A fun method (and useful!) for solving the ground state of the Schrodinger equation is to minimize the energy integral $ dx \psi^\dagger H \psi $ while keeping the total probability 1. Pytorch is a big ole optimization library, so let’s give it a go.

I’ve tried two versions, using a stock neural network with relus and making it a bit easier by giving a gaussian with variable width and shift.

We can mimic the probability constraint by dividing by to total normalization $ \int dx \psi^\dagger \psi$. A Lagrange multiplier or penalty method may allows us to access higher wavefunctions.

SGD seems to do a better job getting a rounder gaussian, while Adam is less finicky but makes a harsh triangular wavefunction.

The ground state solution of $ -\frac{d^2\psi}{dx^2} + x^2\psi=E\psi$ is $ e^{-x^2/2}$, with an energy of 1/2 (unless I botched up my head math). We may not get it, because we’re not sampling a very good total domain. Whatever, for further investigation.

Very intriguing is that pytorch has a determinant in it, I believe.

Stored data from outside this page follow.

lemma psd_diag_zero_imp_row_zero:
  assumes "psd A" and "A$i$i = 0" shows "A$i$j = 0"
proof (rule ccontr)
  assume nz: "A$i$j \<noteq> 0"
  with assms(2) have "i \<noteq> j" by auto
  define t where "t = - (A$j$j + 1) / (2 * A$i$j)"
  define x :: "real^'a" where "x = (\<chi> l. if l = i then t else if l = j then 1 else 0)"
  have "x \<bullet> (A *v x) = (\<Sum>a\<in>{i,j}. \<Sum>b\<in>{i,j}. x$a * A$a$b * x$b)"
    by (rule quadratic_form_supported) (simp add: x_def)
  also have "\<dots> = t * t * A$i$i + t * (A$i$j + A$j$i) + A$j$j"
    using \<open>i \<noteq> j\<close> by (simp add: x_def algebra_simps)
  also have "\<dots> = -1"
    using nz assms by (simp add: psd_symmetric[OF assms(1), of j i] t_def field_simps)
  finally show False using psd_quadratic_nonneg[OF assms(1), of x] by simp
qed

definition rescale :: "('n::finite \<Rightarrow> 'n) \<Rightarrow> ('n \<Rightarrow> real) \<Rightarrow> real^'n^'n \<Rightarrow> real^'n^'n" where
  "rescale \<sigma> w A = (\<chi> i j. w i * A $ \<sigma> i $ \<sigma> j * w j)"

lemma rescale_eq_congruence:
  fixes \<sigma> :: "'n::finite \<Rightarrow> 'n" and w :: "'n \<Rightarrow> real"
  defines "S \<equiv> \<chi> k i. if k = \<sigma> i then w i else 0"
  shows "rescale \<sigma> w A = transpose S ** A ** S"
proof -
  have "(transpose S ** A) $ i $ l = w i * A $ \<sigma> i $ l" for i l
    by (simp add: S_def matrix_matrix_mult_def transpose_def mult_delta_left)
  then show ?thesis
    by (simp add: S_def rescale_def vec_eq_iff matrix_matrix_mult_def mult_delta_right)
qed

lemma psd_congruence:
  assumes "psd A" shows "psd (transpose S ** A ** S)"
  unfolding psd_def
proof
  show "transpose (transpose S ** A ** S) = transpose S ** A ** S"
    using assms by (simp add: psd_def matrix_transpose_mul matrix_mul_assoc)
  show "\<forall>x. 0 \<le> x \<bullet> ((transpose S ** A ** S) *v x)"
    using psd_quadratic_nonneg[OF assms]
    by (metis dot_lmul_matrix matrix_vector_mul_assoc vector_transpose_matrix)
qed

lemma psd_rescale: "psd A \<Longrightarrow> psd (rescale \<sigma> w A)"
  by (simp add: rescale_eq_congruence psd_congruence)

lemma rank_rescale_le: "rank (rescale \<sigma> w A) \<le> rank A"
  unfolding rescale_eq_congruence
  by (meson order_trans rank_mul_le_left rank_mul_le_right)

lemma rescale_in_cone:
  assumes cone: "\<And>c x. 0 \<le> c \<Longrightarrow> x \<in> I \<Longrightarrow> c * x \<in> I"
    and "\<And>i. 0 \<le> w i" and "\<And>i j. A$i$j \<in> I"
  shows "rescale \<sigma> w A $ i $ j \<in> I"
  using cone[of "w i * w j" "A $ \<sigma> i $ \<sigma> j"] assms(2,3) by (simp add: rescale_def mult_ac)

text \<open>Indices with zero diagonal are covered by the convention 0 powr \<alpha> = 0 in the weights.\<close>

lemma entrywise_eq_rescale_normalization:
  fixes f :: "real \<Rightarrow> real"
  assumes A: "psd A" and f0: "f 0 = 0"
    and hom: "\<And>c x. 0 < c \<Longrightarrow> x \<in> I \<Longrightarrow> f (c * x) = c powr \<alpha> * f x"
    and C_in: "\<And>i j. C$i$j \<in> I"
    and C_eq: "\<And>i j. 0 < A$i$i \<Longrightarrow> 0 < A$j$j \<Longrightarrow> C$i$j = A$i$j / (sqrt (A$i$i) * sqrt (A$j$j))"
  shows "entrywise f A = rescale id (\<lambda>i. sqrt (A$i$i) powr \<alpha>) (entrywise f C)"
proof -
  have "f (A$i$j) = sqrt (A$i$i) powr \<alpha> * f (C$i$j) * sqrt (A$j$j) powr \<alpha>" for i j
  proof (cases "0 < A$i$i \<and> 0 < A$j$j")
    case True
    then have "A$i$j = (sqrt (A$i$i) * sqrt (A$j$j)) * C$i$j" by (simp add: C_eq)
    with True show ?thesis by (simp add: hom C_in powr_mult)
  next
    case False
    then have "A$i$i = 0 \<or> A$j$j = 0"
      using psd_diag_nonneg[OF A, of i] psd_diag_nonneg[OF A, of j] by linarith
    then have "A$i$j = 0"
      using psd_diag_zero_imp_row_zero[OF A] psd_symmetric[OF A] by metis
    with \<open>A$i$i = 0 \<or> A$j$j = 0\<close> show ?thesis by (auto simp: f0)
  qed
  then show ?thesis by (simp add: vec_eq_iff entrywise_def rescale_def)
qed

lemma inverse_sqrt_normalizes: "0 < a \<Longrightarrow> inverse (sqrt a) * a * inverse (sqrt a) = 1"
  by (simp add: field_simps)

lemma psd_entrywise_Cnk_iff_Pnk:
  fixes f :: "real \<Rightarrow> real"
  assumes cone: "\<And>c x. 0 \<le> c \<Longrightarrow> x \<in> I \<Longrightarrow> c * x \<in> I" and f0: "f 0 = 0"
    and hom: "\<And>c x. 0 < c \<Longrightarrow> x \<in> I \<Longrightarrow> f (c * x) = c powr \<alpha> * f x"
  shows "(\<forall>A \<in> (Cnk k I :: (real^'n::finite^'n) set). psd (entrywise f A)) \<longleftrightarrow>
    (\<forall>A \<in> (Pnk k I :: (real^'n^'n) set). psd (entrywise f A))"
proof (intro iffI ballI)
  fix A :: "real^'n^'n"
  assume corr: "\<forall>C \<in> (Cnk k I :: (real^'n^'n) set). psd (entrywise f C)" and "A \<in> Pnk k I"
  then have A: "psd A" and A_in: "\<And>i j. A$i$j \<in> I" and rank: "rank A \<le> k"
    by (auto simp: Pnk_def Pn_def)
  show "psd (entrywise f A)"
  proof (cases "\<exists>i. 0 < A$i$i")
    case True
    then obtain i0 where "0 < A$i0$i0" by blast
    define \<sigma> where "\<sigma> i = (if 0 < A$i$i then i else i0)" for i
    have pos: "0 < A $ \<sigma> i $ \<sigma> i" for i
      using \<open>0 < A$i0$i0\<close> by (simp add: \<sigma>_def)
    define C where "C = rescale \<sigma> (\<lambda>i. inverse (sqrt (A $ \<sigma> i $ \<sigma> i))) A"
    have w_nonneg: "0 \<le> inverse (sqrt (A $ \<sigma> i $ \<sigma> i))" for i
      using pos[of i] by simp
    have C_in: "C$i$j \<in> I" for i j
      unfolding C_def by (rule rescale_in_cone[OF cone w_nonneg A_in])
    have "C$i$i = 1" for i
      using inverse_sqrt_normalizes[OF pos[of i]] by (simp add: C_def rescale_def)
    moreover have "rank C \<le> k"
      unfolding C_def using rank_rescale_le rank by (rule order_trans)
    ultimately have "C \<in> Cnk k I"
      using psd_rescale[OF A] C_in by (simp add: Cnk_def Pnk_def Pn_def is_corr_def C_def)
    with corr have "psd (entrywise f C)" by blast
    moreover have "entrywise f A = rescale id (\<lambda>i. sqrt (A$i$i) powr \<alpha>) (entrywise f C)"
      by (rule entrywise_eq_rescale_normalization[OF A f0 hom C_in])
        (auto simp: C_def rescale_def \<sigma>_def field_simps)
    ultimately show ?thesis by (simp add: psd_rescale)
  next
    case False
    then have "A$i$i = 0" for i
      using psd_diag_nonneg[OF A, of i] by (meson not_less order_antisym)
    then have "entrywise f A = 0"
      using psd_diag_zero_imp_row_zero[OF A] by (simp add: vec_eq_iff entrywise_def f0)
    then show ?thesis by (simp add: psd_zero)
  qed
qed (auto simp: Cnk_def)

lemma entrywise_CG_iff_PG:
  fixes f :: "real \<Rightarrow> real" and G :: "'n::finite \<Rightarrow> 'n \<Rightarrow> bool"
  assumes cone: "\<And>c x. 0 \<le> c \<Longrightarrow> x \<in> I \<Longrightarrow> c * x \<in> I" and "1 \<in> I" and f0: "f 0 = 0"
    and hom: "\<And>c x. 0 < c \<Longrightarrow> x \<in> I \<Longrightarrow> f (c * x) = c powr \<alpha> * f x"
  shows "(\<forall>A \<in> CG G I. entrywise f A \<in> PG G UNIV) \<longleftrightarrow> (\<forall>A \<in> PG G I. entrywise f A \<in> PG G UNIV)"
proof (intro iffI ballI)
  fix A :: "real^'n^'n"
  assume corr: "\<forall>C \<in> CG G I. entrywise f C \<in> PG G UNIV" and "A \<in> PG G I"
  then have A: "psd A" and A_in: "\<And>i j. A$i$j \<in> I"
    and pattern: "\<And>i j. i \<noteq> j \<Longrightarrow> \<not> G i j \<Longrightarrow> A$i$j = 0"
    by (auto simp: PG_def Pn_def)
  define w where "w i = inverse (sqrt (A$i$i))" for i
  \<comment> \<open>Since inverse 0 = 0, the first summand vanishes on indices with zero diagonal.\<close>
  define C where "C = rescale id w A + rescale id (\<lambda>i. of_bool (A$i$i = 0)) (mat 1)"
  have C_offdiag: "C$i$j = rescale id w A $ i $ j" if "i \<noteq> j" for i j
    using that by (simp add: C_def rescale_def mat_def)
  have C_diag: "C$i$i = 1" for i
    using psd_diag_nonneg[OF A, of i] inverse_sqrt_normalizes[of "A$i$i"]
    by (cases "A$i$i = 0") (auto simp: C_def rescale_def w_def mat_def)
  have C_in: "C$i$j \<in> I" for i j
  proof (cases "i = j")
    case False
    have "0 \<le> w i" for i by (simp add: w_def psd_diag_nonneg[OF A])
    with False show ?thesis by (simp add: C_offdiag rescale_in_cone[OF cone _ A_in])
  qed (simp add: C_diag \<open>1 \<in> I\<close>)
  have "psd C"
    unfolding C_def by (intro psd_add psd_rescale A psd_mat_1)
  moreover have "C$i$j = 0" if "i \<noteq> j" "\<not> G i j" for i j
    using that by (simp add: C_offdiag rescale_def pattern)
  ultimately have "C \<in> CG G I"
    by (simp add: CG_def PG_def Pn_def is_corr_def C_diag C_in)
  with corr have "psd (entrywise f C)" by (simp add: PG_def Pn_def)
  moreover have "entrywise f A = rescale id (\<lambda>i. sqrt (A$i$i) powr \<alpha>) (entrywise f C)"
    by (rule entrywise_eq_rescale_normalization[OF A f0 hom C_in])
      (auto simp: C_def rescale_def w_def mat_def field_simps)
  ultimately have "psd (entrywise f A)" by (simp add: psd_rescale)
  then show "entrywise f A \<in> PG G UNIV"
    by (simp add: PG_def Pn_def entrywise_def pattern f0)
qed (auto simp: CG_def)

lemma pow0_positive_homogeneous: "0 < c \<Longrightarrow> x \<in> {0..} \<Longrightarrow> pow0 \<alpha> (c * x) = c powr \<alpha> * pow0 \<alpha> x"
  by (auto simp: pow0_def powr_mult)

lemma phi_positive_homogeneous: "0 < c \<Longrightarrow> phi \<alpha> (c * x) = c powr \<alpha> * phi \<alpha> x"
  by (auto simp: phi_def abs_mult powr_mult)

lemma psi_positive_homogeneous: "0 < c \<Longrightarrow> psi \<alpha> (c * x) = c powr \<alpha> * psi \<alpha> x"
  by (auto simp: psi_def abs_mult powr_mult sgn_mult)

theorem proposition4p15:
  fixes k :: nat and G :: "'n::finite \<Rightarrow> 'n \<Rightarrow> bool" and \<alpha> :: real
  assumes "1 \<le> k" and "k \<le> CARD('n)"
    and "\<And>i j. G i j \<Longrightarrow> G j i" and "\<And>i. \<not> G i i"
  shows
   "((\<forall>A \<in> (Cnk k {0..} :: (real^'n^'n) set). psd (entrywise (pow0 \<alpha>) A)) \<longleftrightarrow>
     (\<forall>A \<in> (Pnk k {0..} :: (real^'n^'n) set). psd (entrywise (pow0 \<alpha>) A)))
  \<and> ((\<forall>A \<in> CG G {0..}. entrywise (pow0 \<alpha>) A \<in> PG G UNIV) \<longleftrightarrow>
     (\<forall>A \<in> PG G {0..}. entrywise (pow0 \<alpha>) A \<in> PG G UNIV))
  \<and> ((\<forall>A \<in> (Cnk k UNIV :: (real^'n^'n) set). psd (entrywise (phi \<alpha>) A)) \<longleftrightarrow>
     (\<forall>A \<in> (Pnk k UNIV :: (real^'n^'n) set). psd (entrywise (phi \<alpha>) A)))
  \<and> ((\<forall>A \<in> CG G UNIV. entrywise (phi \<alpha>) A \<in> PG G UNIV) \<longleftrightarrow>
     (\<forall>A \<in> PG G UNIV. entrywise (phi \<alpha>) A \<in> PG G UNIV))
  \<and> ((\<forall>A \<in> (Cnk k UNIV :: (real^'n^'n) set). psd (entrywise (psi \<alpha>) A)) \<longleftrightarrow>
     (\<forall>A \<in> (Pnk k UNIV :: (real^'n^'n) set). psd (entrywise (psi \<alpha>) A)))
  \<and> ((\<forall>A \<in> CG G UNIV. entrywise (psi \<alpha>) A \<in> PG G UNIV) \<longleftrightarrow>
     (\<forall>A \<in> PG G UNIV. entrywise (psi \<alpha>) A \<in> PG G UNIV))"
proof -
  have cone_nonneg: "(0::real) \<le> c \<Longrightarrow> x \<in> {0..} \<Longrightarrow> c * x \<in> {0..}" for c x
    by simp
  have zero: "pow0 \<alpha> 0 = 0" "phi \<alpha> 0 = 0" "psi \<alpha> 0 = 0"
    by (simp_all add: pow0_def phi_def psi_def)
  show ?thesis
    by (intro conjI psd_entrywise_Cnk_iff_Pnk[where \<alpha> = \<alpha>] entrywise_CG_iff_PG[where \<alpha> = \<alpha>])
      (simp_all add: cone_nonneg zero pow0_positive_homogeneous
        phi_positive_homogeneous psi_positive_homogeneous)
qed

That opens up the possibility of doing a Hartree-Fock style variational solution.

Here is my garbage

import torch
import matplotlib.pyplot as plt
import numpy as np
import torch.optim
from scipy import linalg
import time

import torch.nn as nn
import torch.nn.functional as F



class Psi(nn.Module):
    def __init__(self):
        super(Psi, self).__init__()

        # an affine operation: y = Wx + b
        self.lin1 = nn.Linear(1, 10) #Takes x to the 10 different hats
        self.lin2 = nn.Linear(10, 1) #add up the hats.
        #self.lin1 = nn.Linear(1, 1) #Takes x to the 10 different hats
        #self.lin2 = nn.Linear(2, 1) #add up the hats.
    def forward(self, x):
        # Max pooling over a (2, 2) window
        shifts = self.lin1(x)
        hats =  F.relu(shifts) #hat(shifts)hat(shifts)
        y = self.lin2(hats)
        #y = torch.exp(- shifts ** 2 / 4)
        return y


#a = torch.ones(10, requires_grad=True)
#z = torch.linspace(0, 1, steps=10)





# batch variable for monte carlo integration
x = torch.randn(10000,1, requires_grad=True) # a hundred random points between 0 and 1

psi = Psi()
y = psi(x)
import torch.optim as optim

# create your optimizer

optimizer =  optim.SGD(psi.parameters(), lr=0.0001, momentum=0.9, nesterov=True)
#optim.Adam(psi.parameters())
#optim.Adam(psi.parameters())
#y2 = torch.sin(np.pi*x)
#print(y)
#x2 = x.clone()
plt.scatter(x.detach().numpy(),y.detach().numpy(), label="original")
#plt.scatter(x.detach().numpy(),x.grad.detach().numpy())
scalar = torch.ones(1,1)
for i in range(4000):
    #print(x.requires_grad)
    #y.backward(torch.ones(100,1), create_graph=True)
    x = torch.randn(1000,1, requires_grad=True) # a hundred random points between 0 and 1

    
    y = psi(x)
    psi.zero_grad()

    y.backward(torch.ones(1000,1), create_graph=True)
    #torch.autograd.backward(torch.sum(y), grad_tensors=x)
    #print(x.grad)
    #print(dir(x)) #x.grad ** 2 +
    E = torch.sum(x.grad ** 2 + x**2 * y**2)#+ 10*(psi(scalar*0)**2 + psi(scalar)**2)
    N = torch.sum(y ** 2)
    L = E/N
    print(L)
    psi.zero_grad()
    L.backward()
    optimizer.step()
for param in psi.parameters():
    print(param)
    print(param.grad)
plt.scatter(x.detach().numpy(),y.detach().numpy(), label="new")
plt.legend()
#plt.scatter(x.detach().numpy(),x.grad.detach().numpy())
plt.show()

# may want to use the current wavefunction for gibbs style sampling
# we need to differentiate with respect to x for the kinetic energy

Edit: Hmm I didn’t compensate for the fact I was using randn sampling. That was a goof. I started using unifrom sampling, which doesn’t need compensation

sho